Only the lines from the one containing "by (intro signed_measure_diff" to the end of the data are wanted; print them exactly as they appear.

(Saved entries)
⁂

(* Let $G$ be a complex Banach space and $T\in B(G)$ a scalar type spectral operator with spectrum $\sigma(T)$. Let $V$ be an open neighbourhood of $\sigma(T)$ in $\mathbb C$ and $l\in(0,+\infty]$ such that $]-l,l[\cdot V\subseteq V$, and let $F:V\to\mathbb C$ be analytic. Let $n,p\in\mathbb Z$, $n,p\ge1$, let $W\subseteq\mathbb R^n$ be open and $g\in\mathcal C^p(W,\mathbb R)$ with $g(W)\subseteq\,]-l,l[$. Define $\zeta^T_{F,g}:W\to B(G)$, $x\mapsto F_{g(x)}(T)$, where $F_t(\lambda):=F(t\lambda)$ for $\lambda\in V$, $t\in]-l,l[$, and $F_t(T)$ is given by the Borel functional calculus of $T$ (applied to $F_t\upharpoonright\sigma(T)$). Then $\zeta^T_{F,g}\in\mathcal C^p(W,B(G))$ (with respect to the norm topology of $B(G)$), and for every $i\in\{1,\dots,n\}$ $$\frac{\partial\zeta^T_{F,g}}{\partial e_i}=\frac{\partial g}{\partial e_i}\cdot T\,\zeta^T_{\frac{dF}{d\lambda},g},$$ where $\zeta^T_{\frac{dF}{d\lambda},g}(x)=\big(\tfrac{dF}{d\lambda}\big)_{g(x)}(T)$.
   Context: A bounded scalar type spectral operator $T$ (Dunford–Schwartz Ch. XV) has a resolution of the identity $E$, a projection-valued measure on the Borel sets of $\mathbb C$, countably additive in the strong operator topology, supported on $\sigma(T)$, with $T=\int\lambda\,dE$; for a bounded Borel function $f$ on $\sigma(T)$, $f(T)=\int f\,dE\in B(G)$. $e_i$ is the $i$-th standard basis vector of $\mathbb R^n$. *)

theory Defs
  imports "HOL-Analysis.Analysis"
begin
definition meetJ :: "'a set \<Rightarrow> ('a \<Rightarrow> 'a \<Rightarrow> 'a option) \<Rightarrow> ('a \<Rightarrow> real) \<Rightarrow> ('a \<Rightarrow> real) \<Rightarrow> ('a \<Rightarrow> real)" where
  "meetJ E add s1 s2 = (SOME m. is_infJ E add m {s1, s2})"

definition joinJ :: "'a set \<Rightarrow> ('a \<Rightarrow> 'a \<Rightarrow> 'a option) \<Rightarrow> ('a \<Rightarrow> real) \<Rightarrow> ('a \<Rightarrow> real) \<Rightarrow> ('a \<Rightarrow> real)" where
  "joinJ E add s1 s2 = (SOME m. is_supJ E add m {s1, s2})"

end

theory Submission imports Defs begin

text \<open>
  Under (RDP) the infimum of two measures \<mu>, \<nu> in J(E) is given by the
  Riesz--Kantorovich formula  (\<mu> \<and> \<nu>)(a) = inf { \<mu>(a1) + \<nu>(a2) : a1 + a2 = a }.  The remaining claims are
  order-theoretic facts in J(E):  an infimum of {f, g} is also the infimum of the segment
  of convex combinations of f and g, f + g - (f \<and> g) is the supremum of {f, g}, and for
  two states the infimum takes the value 1 at the unit iff the states coincide.
\<close>

section \<open>Elementary algebra of pseudo effect algebras\<close>

lemma pea_carrier:
  assumes "pea E add z u" shows "z \<in> E" "u \<in> E"
  using assms unfolding pea_def by auto

lemma pea_closed:
  assumes "pea E add z u" "a \<in> E" "b \<in> E" "add a b = Some c"
  shows "c \<in> E"
  using assms unfolding pea_def by blast

lemma pea_assoc_axiom:
  assumes "pea E add z u" "a \<in> E" "b \<in> E" "c \<in> E"
  shows "((\<exists>x. add a b = Some x \<and> add x c \<noteq> None) \<longleftrightarrow>
            (\<exists>y. add b c = Some y \<and> add a y \<noteq> None)) \<and>
         (\<forall>x y. add a b = Some x \<and> add b c = Some y \<and> add x c \<noteq> None
                  \<longrightarrow> add x c = add a y)"
  using assms unfolding pea_def by blast

lemma pea_assoc_right:
  assumes p: "pea E add z u" and E: "a \<in> E" "b \<in> E" "c \<in> E"
    and "add a b = Some x" "add x c = Some w"
  shows "\<exists>y. add b c = Some y \<and> add a y = Some w"
proof -
  note ax = pea_assoc_axiom[OF p E]
  then obtain y where "add b c = Some y" using assms(5,6) by auto
  then show ?thesis using ax assms(5,6) by (metis option.distinct(1))
qed

lemma pea_assoc_left:
  assumes p: "pea E add z u" and E: "a \<in> E" "b \<in> E" "c \<in> E"
    and "add b c = Some y" "add a y = Some w"
  shows "\<exists>x. add a b = Some x \<and> add x c = Some w"
proof -
  note ax = pea_assoc_axiom[OF p E]
  then obtain x where "add a b = Some x" "add x c \<noteq> None" using assms(5,6) by auto
  then show ?thesis using ax assms(5,6) by metis
qed

lemma pea_shift_left:
  assumes "pea E add z u" "a \<in> E" "b \<in> E" "add a b = Some x"
  shows "\<exists>d\<in>E. add d a = Some x"
proof -
  have "\<forall>a\<in>E. \<forall>b\<in>E. \<forall>x. add a b = Some x \<longrightarrow>
          (\<exists>d\<in>E. \<exists>e\<in>E. add d a = Some x \<and> add b e = Some x)"
    using assms(1) unfolding pea_def by (elim conjE)
  with assms(2-4) show ?thesis by blast
qed

lemma pea_complements:
  assumes "pea E add z u" "a \<in> E"
  shows "\<exists>!d. d \<in> E \<and> add a d = Some u" "\<exists>!e. e \<in> E \<and> add e a = Some u"
proof -
  have "\<forall>a\<in>E. (\<exists>!d. d \<in> E \<and> add a d = Some u) \<and> (\<exists>!e. e \<in> E \<and> add e a = Some u)"
    using assms(1) unfolding pea_def by (elim conjE)
  with assms(2) show "\<exists>!d. d \<in> E \<and> add a d = Some u" "\<exists>!e. e \<in> E \<and> add e a = Some u"
    by blast+
qed

lemma pea_unit_absorbs:
  assumes "pea E add z u" "a \<in> E" "add u a \<noteq> None \<or> add a u \<noteq> None"
  shows "a = z"
proof -
  have "\<forall>a\<in>E. add u a \<noteq> None \<or> add a u \<noteq> None \<longrightarrow> a = z"
    using assms(1) unfolding pea_def by (elim conjE)
  with assms(2,3) show ?thesis by blast
qed

lemma pea_unit_zero:
  assumes p: "pea E add z u"
  shows "add u z = Some u" "add z u = Some u"
proof -
  obtain d where "d \<in> E" "add u d = Some u"
    using pea_complements(1)[OF p pea_carrier(2)[OF p]] by blast
  with pea_unit_absorbs[OF p] show "add u z = Some u" by fastforce
  obtain e where "e \<in> E" "add e u = Some u"
    using pea_complements(2)[OF p pea_carrier(2)[OF p]] by blast
  with pea_unit_absorbs[OF p] show "add z u = Some u" by fastforce
qed

text \<open>The zero is neutral on both sides; both proofs cancel a complement of a.\<close>
lemma pea_zero_right:
  assumes p: "pea E add z u" and a: "a \<in> E"
  shows "add a z = Some a"
proof -
  note zE = pea_carrier(1)[OF p]
  obtain e where e: "e \<in> E" "add e a = Some u"
    using pea_complements(2)[OF p a] by blast
  obtain y where y: "add a z = Some y" "add e y = Some u"
    using pea_assoc_right[OF p e(1) a zE e(2) pea_unit_zero(1)[OF p]] by blast
  have "y \<in> E" using pea_closed[OF p a zE y(1)] .
  with pea_complements(1)[OF p e(1)] y(2) a e(2) have "y = a" by blast
  with y show ?thesis by simp
qed

lemma pea_zero_left:
  assumes p: "pea E add z u" and a: "a \<in> E"
  shows "add z a = Some a"
proof -
  note zE = pea_carrier(1)[OF p]
  obtain d where d: "d \<in> E" "add a d = Some u"
    using pea_complements(1)[OF p a] by blast
  obtain x where x: "add z a = Some x" "add x d = Some u"
    using pea_assoc_left[OF p zE a d(1) d(2) pea_unit_zero(2)[OF p]] by blast
  have "x \<in> E" using pea_closed[OF p zE a x(1)] .
  with pea_complements(2)[OF p d(1)] x(2) a d(2) have "x = a" by blast
  with x show ?thesis by simp
qed

text \<open>This replaces the
  commutativity one would use in an effect algebra.\<close>
lemma pea_rearrange:
  assumes p: "pea E add z u"
    and a: "a1 \<in> E" "a2 \<in> E" "add a1 a2 = Some a"
    and b: "b1 \<in> E" "b2 \<in> E" "add b1 b2 = Some b"
    and c: "add a b = Some c"
  shows "\<exists>d\<in>E. \<exists>x t v. add a2 b1 = Some x \<and> add d a2 = Some x \<and>
           add a1 d = Some t \<and> add a2 b2 = Some v \<and> t \<in> E \<and> v \<in> E \<and> add t v = Some c"
proof -
  have bE: "b \<in> E" using pea_closed[OF p b] .
  obtain y where y: "add a2 b = Some y" "add a1 y = Some c"
    using pea_assoc_right[OF p a(1,2) bE a(3) c] by blast
  obtain x where x: "add a2 b1 = Some x" "add x b2 = Some y"
    using pea_assoc_left[OF p a(2) b y(1)] by blast
  obtain d where d: "d \<in> E" "add d a2 = Some x"
    using pea_shift_left[OF p a(2) b(1) x(1)] by blast
  obtain v where v: "add a2 b2 = Some v" "add d v = Some y"
    using pea_assoc_right[OF p d(1) a(2) b(2) d(2) x(2)] by blast
  have vE: "v \<in> E" using pea_closed[OF p a(2) b(2) v(1)] .
  obtain t where t: "add a1 d = Some t" "add t v = Some c"
    using pea_assoc_left[OF p a(1) d(1) vE v(2) y(2)] by blast
  have "t \<in> E" using pea_closed[OF p a(1) d(1) t(1)] .
  with d x t v vE show ?thesis by blast
qed

section \<open>Signed measures and the order of J(E)\<close>

lemma signed_measureD:
  "signed_measure E add m \<Longrightarrow> a \<in> E \<Longrightarrow> b \<in> E \<Longrightarrow> add a b = Some c \<Longrightarrow> m c = m a + m b"
  unfolding signed_measure_def by blast

lemma signed_measure_zero:
  assumes p: "pea E add z u" and m: "signed_measure E add m"
  shows "m z = 0"
  using signed_measureD[OF m pea_carrier(2,1)[OF p] pea_unit_zero(1)[OF p]] by simp

lemma signed_measure_add:
  "signed_measure E add f \<Longrightarrow> signed_measure E add g \<Longrightarrow> signed_measure E add (\<lambda>a. f a + g a)"
  unfolding signed_measure_def by auto

lemma signed_measure_diff:
  "signed_measure E add f \<Longrightarrow> signed_measure E add g \<Longrightarrow> signed_measure E add (\<lambda>a. f a - g a)"
  unfolding signed_measure_def by auto

lemma signed_measure_scale:
  "signed_measure E add f \<Longrightarrow> signed_measure E add (\<lambda>a. c * f a)"
  unfolding signed_measure_def by (auto simp: algebra_simps)

lemma pea_measure_add:
  "pea_measure E add f \<Longrightarrow> pea_measure E add g \<Longrightarrow> pea_measure E add (\<lambda>a. f a + g a)"
  unfolding pea_measure_def using signed_measure_add by fastforce

lemma pea_measure_zero: "pea_measure E add (\<lambda>a. 0)"
  unfolding pea_measure_def signed_measure_def by auto

lemma JE_intro:
  assumes "signed_measure E add m" "pea_measure E add m1" "pea_measure E add m2"
    and "\<forall>a\<in>E. m a = m1 a - m2 a"
  shows "m \<in> JE E add"
  using assms unfolding JE_def by blast

lemma JE_signed_measure: "k \<in> JE E add \<Longrightarrow> signed_measure E add k"
  unfolding JE_def by blast

lemma pea_measure_JE: "pea_measure E add f \<Longrightarrow> f \<in> JE E add"
  by (rule JE_intro[OF _ _ pea_measure_zero]) (auto simp: pea_measure_def)

text \<open>J(E) is closed under f + g - k, the shape of every element of J(E) we build.\<close>
lemma JE_add_diff:
  assumes f: "f \<in> JE E add" and g: "g \<in> JE E add" and k: "k \<in> JE E add"
  shows "(\<lambda>a. f a + g a - k a) \<in> JE E add"
proof -
  obtain f1 f2 where f12: "pea_measure E add f1" "pea_measure E add f2" "\<forall>a\<in>E. f a = f1 a - f2 a"
    using f unfolding JE_def by blast
  obtain g1 g2 where g12: "pea_measure E add g1" "pea_measure E add g2" "\<forall>a\<in>E. g a = g1 a - g2 a"
    using g unfolding JE_def by blast
  obtain k1 k2 where k12: "pea_measure E add k1" "pea_measure E add k2" "\<forall>a\<in>E. k a = k1 a - k2 a"
    using k unfolding JE_def by blast
  show ?thesis
  proof (rule JE_intro)
    show "signed_measure E add (\<lambda>a. f a + g a - k a)"
      by (intro signed_measure_diff signed_measure_add JE_signed_measure f g k)
    show "pea_measure E add (\<lambda>a. f1 a + g1 a + k2 a)"
      by (intro pea_measure_add f12(1) g12(1) k12(2))
    show "pea_measure E add (\<lambda>a. f2 a + g2 a + k1 a)"
      by (intro pea_measure_add f12(2) g12(2) k12(1))
    show "\<forall>a\<in>E. f a + g a - k a = (f1 a + g1 a + k2 a) - (f2 a + g2 a + k1 a)"
      using f12(3) g12(3) k12(3) by simp
  qed
qed

lemma leJ_iff:
  assumes "signed_measure E add f" "signed_measure E add g"
  shows "leJ E add f g \<longleftrightarrow> (\<forall>a\<in>E. f a \<le> g a)"
  using signed_measure_diff[OF assms(2,1)] unfolding leJ_def pea_measure_def by auto

lemma leJ_pointwise: "leJ E add f g \<Longrightarrow> a \<in> E \<Longrightarrow> f a \<le> g a"
  unfolding leJ_def pea_measure_def by force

⁂

## Answer space
      by (intro signed_measure_diff signed_measure_add JE_signed_measure f g k)
    show "pea_measure E add (\<lambda>a. f1 a + g1 a + k2 a)"
      by (intro pea_measure_add f12(1) g12(1) k12(2))
    show "pea_measure E add (\<lambda>a. f2 a + g2 a + k1 a)"
      by (intro pea_measure_add f12(2) g12(2) k12(1))
    show "\<forall>a\<in>E. f a + g a - k a = (f1 a + g1 a + k2 a) - (f2 a + g2 a + k1 a)"
      using f12(3) g12(3) k12(3) by simp
  qed
qed

lemma leJ_iff:
  assumes "signed_measure E add f" "signed_measure E add g"
  shows "leJ E add f g \<longleftrightarrow> (\<forall>a\<in>E. f a \<le> g a)"
  using signed_measure_diff[OF assms(2,1)] unfolding leJ_def pea_measure_def by auto

lemma leJ_pointwise: "leJ E add f g \<Longrightarrow> a \<in> E \<Longrightarrow> f a \<le> g a"
  unfolding leJ_def pea_measure_def by force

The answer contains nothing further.